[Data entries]
------

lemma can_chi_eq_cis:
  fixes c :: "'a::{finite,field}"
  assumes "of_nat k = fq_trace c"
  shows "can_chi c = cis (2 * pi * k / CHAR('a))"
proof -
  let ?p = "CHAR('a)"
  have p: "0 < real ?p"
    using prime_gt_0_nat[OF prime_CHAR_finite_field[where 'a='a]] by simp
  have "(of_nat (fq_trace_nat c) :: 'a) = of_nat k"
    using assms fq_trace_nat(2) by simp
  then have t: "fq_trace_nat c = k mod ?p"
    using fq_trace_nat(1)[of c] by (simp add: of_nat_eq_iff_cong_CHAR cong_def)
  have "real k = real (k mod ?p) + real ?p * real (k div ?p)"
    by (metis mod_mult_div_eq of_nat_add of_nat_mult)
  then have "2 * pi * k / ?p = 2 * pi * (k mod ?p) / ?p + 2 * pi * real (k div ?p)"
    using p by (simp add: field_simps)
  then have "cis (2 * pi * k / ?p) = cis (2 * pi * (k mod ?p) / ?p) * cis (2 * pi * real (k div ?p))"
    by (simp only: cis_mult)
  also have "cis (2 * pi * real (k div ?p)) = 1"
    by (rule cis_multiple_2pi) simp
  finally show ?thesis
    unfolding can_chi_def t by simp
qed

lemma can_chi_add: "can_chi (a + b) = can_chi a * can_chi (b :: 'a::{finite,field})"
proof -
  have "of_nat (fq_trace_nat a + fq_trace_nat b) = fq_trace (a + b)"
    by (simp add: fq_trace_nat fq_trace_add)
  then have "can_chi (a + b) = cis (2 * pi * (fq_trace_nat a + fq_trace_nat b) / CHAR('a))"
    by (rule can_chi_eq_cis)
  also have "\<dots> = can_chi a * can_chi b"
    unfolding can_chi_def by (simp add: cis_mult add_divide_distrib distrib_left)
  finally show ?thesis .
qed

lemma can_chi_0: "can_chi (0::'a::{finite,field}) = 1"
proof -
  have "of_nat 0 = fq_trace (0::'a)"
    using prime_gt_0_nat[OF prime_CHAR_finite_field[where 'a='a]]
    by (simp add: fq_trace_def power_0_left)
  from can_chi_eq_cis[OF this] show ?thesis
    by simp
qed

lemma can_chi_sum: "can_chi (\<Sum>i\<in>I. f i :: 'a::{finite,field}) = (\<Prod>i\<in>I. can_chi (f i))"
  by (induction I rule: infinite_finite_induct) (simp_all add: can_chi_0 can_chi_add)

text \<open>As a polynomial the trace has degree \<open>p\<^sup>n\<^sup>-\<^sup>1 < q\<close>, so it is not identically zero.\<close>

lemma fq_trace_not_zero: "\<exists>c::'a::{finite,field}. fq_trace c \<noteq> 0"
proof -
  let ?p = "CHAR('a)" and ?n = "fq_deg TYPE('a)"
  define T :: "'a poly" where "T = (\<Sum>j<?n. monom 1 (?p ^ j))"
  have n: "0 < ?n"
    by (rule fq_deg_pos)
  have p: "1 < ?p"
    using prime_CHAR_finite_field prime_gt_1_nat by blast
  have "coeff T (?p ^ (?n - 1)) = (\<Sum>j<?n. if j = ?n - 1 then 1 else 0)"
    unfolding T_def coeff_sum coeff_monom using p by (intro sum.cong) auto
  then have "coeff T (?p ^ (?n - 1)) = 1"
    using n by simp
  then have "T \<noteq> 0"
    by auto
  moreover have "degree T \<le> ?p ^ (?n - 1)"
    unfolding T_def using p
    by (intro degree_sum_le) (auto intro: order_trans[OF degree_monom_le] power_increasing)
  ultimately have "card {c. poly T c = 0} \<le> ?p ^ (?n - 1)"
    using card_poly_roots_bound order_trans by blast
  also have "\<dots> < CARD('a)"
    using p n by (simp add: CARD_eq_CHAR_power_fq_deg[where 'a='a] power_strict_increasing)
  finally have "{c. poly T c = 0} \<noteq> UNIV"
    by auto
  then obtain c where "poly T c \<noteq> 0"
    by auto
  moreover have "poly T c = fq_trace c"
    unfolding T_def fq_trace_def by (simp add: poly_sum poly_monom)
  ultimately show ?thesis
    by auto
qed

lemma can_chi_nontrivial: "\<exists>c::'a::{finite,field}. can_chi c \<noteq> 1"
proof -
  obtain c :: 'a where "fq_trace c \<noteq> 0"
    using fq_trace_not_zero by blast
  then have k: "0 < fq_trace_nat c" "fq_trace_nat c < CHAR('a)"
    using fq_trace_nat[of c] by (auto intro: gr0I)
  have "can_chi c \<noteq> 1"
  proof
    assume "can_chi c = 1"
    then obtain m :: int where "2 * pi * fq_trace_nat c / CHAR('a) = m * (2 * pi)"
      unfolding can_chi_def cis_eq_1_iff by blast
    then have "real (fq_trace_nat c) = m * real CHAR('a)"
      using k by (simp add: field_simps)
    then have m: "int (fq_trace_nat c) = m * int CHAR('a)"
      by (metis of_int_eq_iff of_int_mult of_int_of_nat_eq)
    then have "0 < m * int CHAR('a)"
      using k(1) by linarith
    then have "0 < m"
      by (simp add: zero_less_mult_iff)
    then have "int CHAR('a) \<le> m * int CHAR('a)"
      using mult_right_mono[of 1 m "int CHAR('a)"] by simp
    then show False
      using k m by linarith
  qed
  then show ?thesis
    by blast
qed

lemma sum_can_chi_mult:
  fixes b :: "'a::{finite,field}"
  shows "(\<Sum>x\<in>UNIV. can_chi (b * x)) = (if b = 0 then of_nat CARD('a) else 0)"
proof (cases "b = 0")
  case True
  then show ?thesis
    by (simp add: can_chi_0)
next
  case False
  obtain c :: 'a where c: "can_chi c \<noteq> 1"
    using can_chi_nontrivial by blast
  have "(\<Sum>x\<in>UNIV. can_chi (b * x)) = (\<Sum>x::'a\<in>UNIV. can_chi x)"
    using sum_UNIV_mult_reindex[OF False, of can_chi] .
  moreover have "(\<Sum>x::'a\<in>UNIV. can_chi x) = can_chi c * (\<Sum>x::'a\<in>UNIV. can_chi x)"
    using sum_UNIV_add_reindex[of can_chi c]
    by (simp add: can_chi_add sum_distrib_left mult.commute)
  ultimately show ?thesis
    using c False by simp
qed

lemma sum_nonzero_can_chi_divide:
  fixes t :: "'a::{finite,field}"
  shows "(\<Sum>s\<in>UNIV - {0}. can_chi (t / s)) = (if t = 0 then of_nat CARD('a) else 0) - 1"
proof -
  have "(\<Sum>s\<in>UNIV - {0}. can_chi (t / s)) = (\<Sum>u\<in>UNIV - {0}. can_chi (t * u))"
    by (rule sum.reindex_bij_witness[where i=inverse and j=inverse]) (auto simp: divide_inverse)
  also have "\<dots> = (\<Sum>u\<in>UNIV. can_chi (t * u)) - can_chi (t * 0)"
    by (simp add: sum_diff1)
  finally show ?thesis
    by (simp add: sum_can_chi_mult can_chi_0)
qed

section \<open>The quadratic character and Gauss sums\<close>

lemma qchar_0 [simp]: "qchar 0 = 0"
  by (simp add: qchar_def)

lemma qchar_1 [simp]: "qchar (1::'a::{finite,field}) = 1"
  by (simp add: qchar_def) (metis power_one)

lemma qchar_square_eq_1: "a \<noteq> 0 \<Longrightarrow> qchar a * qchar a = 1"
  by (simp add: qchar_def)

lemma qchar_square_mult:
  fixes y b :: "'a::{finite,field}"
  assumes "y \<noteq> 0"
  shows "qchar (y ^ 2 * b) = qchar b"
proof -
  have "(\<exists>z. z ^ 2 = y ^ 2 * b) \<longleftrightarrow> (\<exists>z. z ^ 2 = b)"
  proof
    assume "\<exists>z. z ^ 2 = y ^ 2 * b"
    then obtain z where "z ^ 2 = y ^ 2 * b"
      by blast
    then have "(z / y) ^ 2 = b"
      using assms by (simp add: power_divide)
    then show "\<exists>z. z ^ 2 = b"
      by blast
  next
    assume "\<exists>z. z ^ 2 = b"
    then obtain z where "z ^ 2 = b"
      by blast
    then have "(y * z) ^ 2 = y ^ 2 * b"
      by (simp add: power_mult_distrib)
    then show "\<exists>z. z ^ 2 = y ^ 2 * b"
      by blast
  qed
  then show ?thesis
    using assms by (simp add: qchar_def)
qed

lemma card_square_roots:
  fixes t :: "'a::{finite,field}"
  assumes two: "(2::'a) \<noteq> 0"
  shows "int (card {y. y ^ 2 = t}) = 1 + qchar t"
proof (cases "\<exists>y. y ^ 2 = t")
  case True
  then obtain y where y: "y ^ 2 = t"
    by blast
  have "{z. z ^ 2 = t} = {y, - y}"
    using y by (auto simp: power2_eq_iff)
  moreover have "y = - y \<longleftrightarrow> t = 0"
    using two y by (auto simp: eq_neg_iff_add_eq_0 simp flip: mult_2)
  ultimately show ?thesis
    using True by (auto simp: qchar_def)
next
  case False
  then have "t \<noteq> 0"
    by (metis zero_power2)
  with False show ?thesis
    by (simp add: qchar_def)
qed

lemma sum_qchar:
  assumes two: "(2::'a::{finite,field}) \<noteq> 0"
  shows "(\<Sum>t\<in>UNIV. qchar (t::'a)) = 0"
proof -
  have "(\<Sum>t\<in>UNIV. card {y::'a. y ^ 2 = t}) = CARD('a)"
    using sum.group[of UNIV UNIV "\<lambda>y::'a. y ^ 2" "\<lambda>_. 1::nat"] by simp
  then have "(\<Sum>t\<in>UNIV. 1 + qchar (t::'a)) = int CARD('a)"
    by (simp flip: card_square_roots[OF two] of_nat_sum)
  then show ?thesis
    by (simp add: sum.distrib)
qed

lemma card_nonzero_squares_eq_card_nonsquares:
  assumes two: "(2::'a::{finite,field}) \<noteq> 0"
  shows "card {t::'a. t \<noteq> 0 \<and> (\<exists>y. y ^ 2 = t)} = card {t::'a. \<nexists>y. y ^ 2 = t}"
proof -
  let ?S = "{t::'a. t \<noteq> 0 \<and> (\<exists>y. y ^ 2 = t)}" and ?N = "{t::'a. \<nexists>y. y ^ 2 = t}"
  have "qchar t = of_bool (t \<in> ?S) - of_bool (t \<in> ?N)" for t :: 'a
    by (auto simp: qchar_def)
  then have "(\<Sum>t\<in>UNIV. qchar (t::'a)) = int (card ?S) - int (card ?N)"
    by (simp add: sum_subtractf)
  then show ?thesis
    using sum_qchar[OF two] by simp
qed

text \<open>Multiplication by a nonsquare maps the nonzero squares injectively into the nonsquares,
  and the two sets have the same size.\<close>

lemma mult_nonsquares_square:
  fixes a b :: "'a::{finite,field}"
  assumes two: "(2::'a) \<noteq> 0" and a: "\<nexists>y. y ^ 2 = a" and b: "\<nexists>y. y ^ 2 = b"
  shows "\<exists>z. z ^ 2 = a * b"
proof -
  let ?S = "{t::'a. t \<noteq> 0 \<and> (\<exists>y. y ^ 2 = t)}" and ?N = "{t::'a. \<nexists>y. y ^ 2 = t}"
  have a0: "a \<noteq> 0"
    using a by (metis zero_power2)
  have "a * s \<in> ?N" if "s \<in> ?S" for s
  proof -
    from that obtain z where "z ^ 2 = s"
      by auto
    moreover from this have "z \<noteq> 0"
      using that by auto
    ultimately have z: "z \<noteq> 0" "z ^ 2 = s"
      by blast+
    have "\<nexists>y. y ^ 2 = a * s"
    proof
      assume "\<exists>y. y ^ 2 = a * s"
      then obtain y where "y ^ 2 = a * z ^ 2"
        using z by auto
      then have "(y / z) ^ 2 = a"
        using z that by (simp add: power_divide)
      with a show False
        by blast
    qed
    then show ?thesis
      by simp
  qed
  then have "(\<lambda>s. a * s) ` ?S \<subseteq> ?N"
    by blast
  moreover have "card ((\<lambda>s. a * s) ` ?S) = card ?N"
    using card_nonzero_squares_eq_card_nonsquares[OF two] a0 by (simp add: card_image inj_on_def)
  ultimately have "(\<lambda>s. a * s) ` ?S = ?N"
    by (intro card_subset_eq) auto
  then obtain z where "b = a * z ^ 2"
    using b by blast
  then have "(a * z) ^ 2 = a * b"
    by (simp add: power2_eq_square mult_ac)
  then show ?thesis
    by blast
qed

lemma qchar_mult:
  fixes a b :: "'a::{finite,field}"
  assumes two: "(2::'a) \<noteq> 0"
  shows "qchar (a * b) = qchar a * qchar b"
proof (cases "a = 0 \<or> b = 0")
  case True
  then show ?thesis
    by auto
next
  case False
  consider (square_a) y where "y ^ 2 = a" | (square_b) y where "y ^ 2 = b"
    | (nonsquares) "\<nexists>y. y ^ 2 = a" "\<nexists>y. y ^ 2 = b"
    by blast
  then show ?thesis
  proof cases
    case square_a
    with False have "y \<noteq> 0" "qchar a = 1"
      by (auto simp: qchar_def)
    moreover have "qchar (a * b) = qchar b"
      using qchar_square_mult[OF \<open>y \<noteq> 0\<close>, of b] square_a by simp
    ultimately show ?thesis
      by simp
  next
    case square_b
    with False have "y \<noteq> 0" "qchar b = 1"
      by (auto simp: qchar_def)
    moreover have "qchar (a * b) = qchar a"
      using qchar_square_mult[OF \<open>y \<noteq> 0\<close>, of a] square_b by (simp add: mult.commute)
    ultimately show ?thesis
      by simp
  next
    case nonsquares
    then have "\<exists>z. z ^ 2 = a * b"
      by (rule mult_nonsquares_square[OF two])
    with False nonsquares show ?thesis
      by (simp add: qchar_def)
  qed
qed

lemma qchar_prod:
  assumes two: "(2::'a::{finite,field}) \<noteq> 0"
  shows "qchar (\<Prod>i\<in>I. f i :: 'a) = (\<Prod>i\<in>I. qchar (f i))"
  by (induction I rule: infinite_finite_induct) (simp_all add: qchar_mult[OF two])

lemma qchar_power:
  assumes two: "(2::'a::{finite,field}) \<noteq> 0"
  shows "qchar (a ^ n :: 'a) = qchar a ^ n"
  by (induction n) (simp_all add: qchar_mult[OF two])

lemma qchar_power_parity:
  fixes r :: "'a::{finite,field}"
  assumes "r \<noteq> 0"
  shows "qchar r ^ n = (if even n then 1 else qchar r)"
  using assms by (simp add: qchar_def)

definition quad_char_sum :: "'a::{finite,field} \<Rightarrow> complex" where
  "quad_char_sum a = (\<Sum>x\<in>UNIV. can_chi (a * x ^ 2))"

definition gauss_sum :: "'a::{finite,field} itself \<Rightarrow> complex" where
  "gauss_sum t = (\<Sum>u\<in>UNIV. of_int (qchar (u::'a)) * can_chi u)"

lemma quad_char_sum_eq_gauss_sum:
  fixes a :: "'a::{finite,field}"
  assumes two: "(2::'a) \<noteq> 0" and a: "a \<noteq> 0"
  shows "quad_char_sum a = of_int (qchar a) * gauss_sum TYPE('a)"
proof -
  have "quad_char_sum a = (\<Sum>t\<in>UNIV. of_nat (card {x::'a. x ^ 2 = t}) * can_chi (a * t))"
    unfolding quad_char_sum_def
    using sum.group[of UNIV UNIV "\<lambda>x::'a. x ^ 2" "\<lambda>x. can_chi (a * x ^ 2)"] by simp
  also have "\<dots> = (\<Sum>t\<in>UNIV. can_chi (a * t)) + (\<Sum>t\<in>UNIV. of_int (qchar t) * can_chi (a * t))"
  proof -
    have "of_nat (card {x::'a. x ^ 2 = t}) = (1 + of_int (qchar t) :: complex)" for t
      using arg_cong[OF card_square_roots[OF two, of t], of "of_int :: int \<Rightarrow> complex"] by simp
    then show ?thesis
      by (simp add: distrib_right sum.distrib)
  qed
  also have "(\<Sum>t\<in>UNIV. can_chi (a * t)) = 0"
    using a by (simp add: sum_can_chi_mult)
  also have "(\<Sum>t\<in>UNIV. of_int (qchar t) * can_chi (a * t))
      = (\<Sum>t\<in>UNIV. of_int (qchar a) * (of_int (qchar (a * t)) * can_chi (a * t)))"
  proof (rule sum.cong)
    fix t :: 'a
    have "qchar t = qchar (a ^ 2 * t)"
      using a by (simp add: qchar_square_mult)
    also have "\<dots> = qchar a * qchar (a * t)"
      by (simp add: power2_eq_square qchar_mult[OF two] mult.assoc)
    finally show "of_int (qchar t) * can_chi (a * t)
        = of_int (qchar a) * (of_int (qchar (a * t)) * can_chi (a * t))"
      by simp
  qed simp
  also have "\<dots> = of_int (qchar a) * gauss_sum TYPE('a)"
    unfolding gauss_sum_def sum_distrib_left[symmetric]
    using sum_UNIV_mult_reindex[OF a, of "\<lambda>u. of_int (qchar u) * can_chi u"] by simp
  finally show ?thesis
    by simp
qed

------

Only the lines from the first line of the records through the line with "using prime_gt_0_nat[OF prime_CHAR_finite_field[where 'a='a]] by" should be reproduced, exactly and with nothing added.

[WRITTEN SOLUTION]
lemma can_chi_eq_cis:
  fixes c :: "'a::{finite,field}"
  assumes "of_nat k = fq_trace c"
  shows "can_chi c = cis (2 * pi * k / CHAR('a))"
proof -
  let ?p = "CHAR('a)"
  have p: "0 < real ?p"
    using prime_gt_0_nat[OF prime_CHAR_finite_field[where 'a='a]] by simp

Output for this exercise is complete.